§ **EXERCISE INSTRUCTIONS**: Among the entries below, only the lines starting at the one with "define j where" and ending at the one with "assms(2) by blast", both included, are to be printed exactly.
--- DATA IN THIS EXERCISE Enclosed Below ---
lemma hit_prob_le_reach:
  assumes "x \<in> T" and "\<And>p. p \<notin> C \<Longrightarrow> p \<notin> D \<Longrightarrow> p \<in> T"
  shows "hit_prob C z x \<le> emeasure srw_space (\<Union>t. reach_within D T t z)"
  unfolding hit_prob_def
proof (intro emeasure_mono subsetI)
  fix w assume "w \<in> {w \<in> space srw_space. \<exists>n. walk z w n \<in> C \<and> (\<forall>m<n. walk z w m \<notin> C) \<and> walk z w n = x}"
  then obtain n where n: "\<forall>m<n. walk z w m \<notin> C" "walk z w n = x" by auto
  show "w \<in> (\<Union>t. reach_within D T t z)"
  proof (cases "\<forall>m<n. walk z w m \<in> D")
    case True
    with n assms(1) show ?thesis by (auto simp: reach_within_def)
  next
    case False
    then obtain m where m: "m < n" "walk z w m \<notin> D" by blast
    define j where "j = (LEAST j. walk z w j \<notin> D)"
    have "walk z w j \<notin> D" using m(2) unfolding j_def by (rule LeastI)
    moreover have "j < n" unfolding j_def using m by (blast intro: le_less_trans[OF Least_le])
    ultimately have "walk z w j \<in> T" using n(1) assms(2) by blast
    moreover have "\<forall>i<j. walk z w i \<in> D" unfolding j_def using not_less_Least by blast
    ultimately have "w \<in> reach_within D T j z" by (auto simp: reach_within_def)
    then show ?thesis by blast
  qed
qed (auto intro: sets.countable_UN)

lemma hit_prob_le_superharmonic:
  fixes G :: "int \<times> int \<Rightarrow> ennreal"
  assumes "x \<in> T" and "\<And>p. p \<notin> C \<Longrightarrow> p \<notin> D \<Longrightarrow> p \<in> T"
    and "\<And>z. z \<in> T \<Longrightarrow> 1 \<le> G z"
    and "\<And>z. z \<in> D \<Longrightarrow> z \<notin> T \<Longrightarrow> (\<integral>\<^sup>+s. G (z + s) \<partial>measure_pmf srw_step) \<le> G z"
  shows "hit_prob C z x \<le> G z"
proof -
  have "hit_prob C z x \<le> emeasure srw_space (\<Union>t. reach_within D T t z)"
    using assms(1,2) by (rule hit_prob_le_reach)
  also have "\<dots> = (SUP t. emeasure srw_space (reach_within D T t z))"
    by (rule SUP_emeasure_incseq[symmetric]) (auto simp: incseq_def reach_within_mono)
  also have "\<dots> \<le> G z"
    using assms(3,4) by (intro SUP_least emeasure_reach_within_le)
  finally show ?thesis .
qed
--- End of Enclosed DATA IN THIS EXERCISE ---
§ **RESPONSE AREA**:
    define j where "j = (LEAST j. walk z w j \<notin> D)"
    have "walk z w j \<notin> D" using m(2) unfolding j_def by (rule LeastI)
    moreover have "j < n" unfolding j_def using m by (blast intro: le_less_trans[OF Least_le])
    ultimately have "walk z w j \<in> T" using n(1) assms(2) by blast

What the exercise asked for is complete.